**Your assignment:** Reply with exactly the lines from the one that contains "theory Defs" through the last line of the records below, and with no other lines.

Start of Records provided

(* Let $\alpha>1$, $s>0$, $D\ge1$, and restrict to graphs in which every node has out-degree at most $D$. Suppose that for every pair of node-level adjacent datasets $\mathcal{D},\mathcal{D}'$ (both satisfying the degree bound) the DPDGC weights satisfy $D_\alpha((\mathbf{W}^{(A)},\mathbf{b})\,\|\,(\mathbf{W}^{(A)\prime},\mathbf{b}'))\le\gamma_1$, and that the algorithm $\mathcal{B}$ is $(\alpha,\gamma_2)$-Rényi DP with respect to single-row replacement, i.e. $D_\alpha(\mathcal{B}(\mathbf{X},\mathbf{Y},\mathbf{Z})\,\|\,\mathcal{B}(\mathbf{X}',\mathbf{Y}',\mathbf{Z}'))\le\gamma_2$ whenever the inputs differ only in the $r$-th rows of $\mathbf{X}$ and $\mathbf{Z}$ and (if $r\le m$) of $\mathbf{Y}$, for some $r$. Then the DPDGC model is node $(\alpha,\gamma_1+\gamma_2+\frac{2D\alpha}{2s^2})$-GDP: for every $v\in[n]\setminus[m]$ and every pair of node-level adjacent datasets $\mathcal{D},\mathcal{D}'$ with replaced index $r\neq v$, $D_\alpha(\mathcal{M}(v;\mathcal{D})\,\|\,\mathcal{M}(v;\mathcal{D}'))\le\gamma_1+\gamma_2+\frac{2D\alpha}{2s^2}$.
   Context: A graph dataset is $\mathcal{D}=(\mathbf{X},\mathbf{Y},\mathbf{A})$ with node set $[n]$, $\mathbf{X}\in\mathbb{R}^{n\times F}$, $\mathbf{Y}\in\{0,1\}^{m\times C}$ (one-hot labels of nodes $1,\dots,m$; nodes in $[n]\setminus[m]$ are to be predicted), and $\mathbf{A}\in\{0,1\}^{n\times n}$ the adjacency matrix of a directed graph without self-loops; the out-degree of $r$ is $\sum_i\mathbf{A}_{ir}$. Node-level adjacency: there is $r\in[n]$ such that $\mathcal{D}'$ is obtained from $\mathcal{D}$ by replacing $\mathbf{X}_r$ arbitrarily, $\mathbf{Y}_r$ (if $r\le m$) by an arbitrary one-hot vector, and arbitrarily changing entries of row $r$ and column $r$ of $\mathbf{A}$ (no self-loops), all else unchanged; $r$ is the replaced index. Rényi divergence of order $\alpha>1$: $D_\alpha(X\|Y)=\frac{1}{\alpha-1}\log\mathbb{E}_{x\sim Q}[(P(x)/Q(x))^\alpha]$. DPDGC model: $(\mathbf{W}^{(A)},\mathbf{b})$ is a random output of a randomized algorithm on the dataset, with every row of $\mathbf{W}^{(A)}\in\mathbb{R}^{n\times h}$ of Euclidean norm $1$ and $\mathbf{b}\in\mathbb{R}^h$; $\mathbf{Z}=\mathbf{A}\mathbf{W}^{(A)}+\mathbf{1}_n\mathbf{b}^\top+\mathbf{N}$ with $\mathbf{N}$ having i.i.d. $\mathcal{N}(0,s^2)$ entries independent of everything else; $\Theta=\mathcal{B}(\mathbf{X},\mathbf{Y},\mathbf{Z})$ for a randomized algorithm $\mathcal{B}$ with independent internal randomness; $\widehat{\mathbf{Y}}_v=g(\Theta,\mathbf{X}_v,\mathbf{Z}_v)$ for a fixed deterministic $g$; and $\mathcal{M}(v;\mathcal{D})=(\widehat{\mathbf{Y}}_v,(\mathbf{W}^{(A)},\mathbf{b},\Theta))$. *)

theory Defs
  imports "HOL-Probability.Probability"
begin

End of Records provided

**Exercise result:**
theory Defs
  imports "HOL-Probability.Probability"
begin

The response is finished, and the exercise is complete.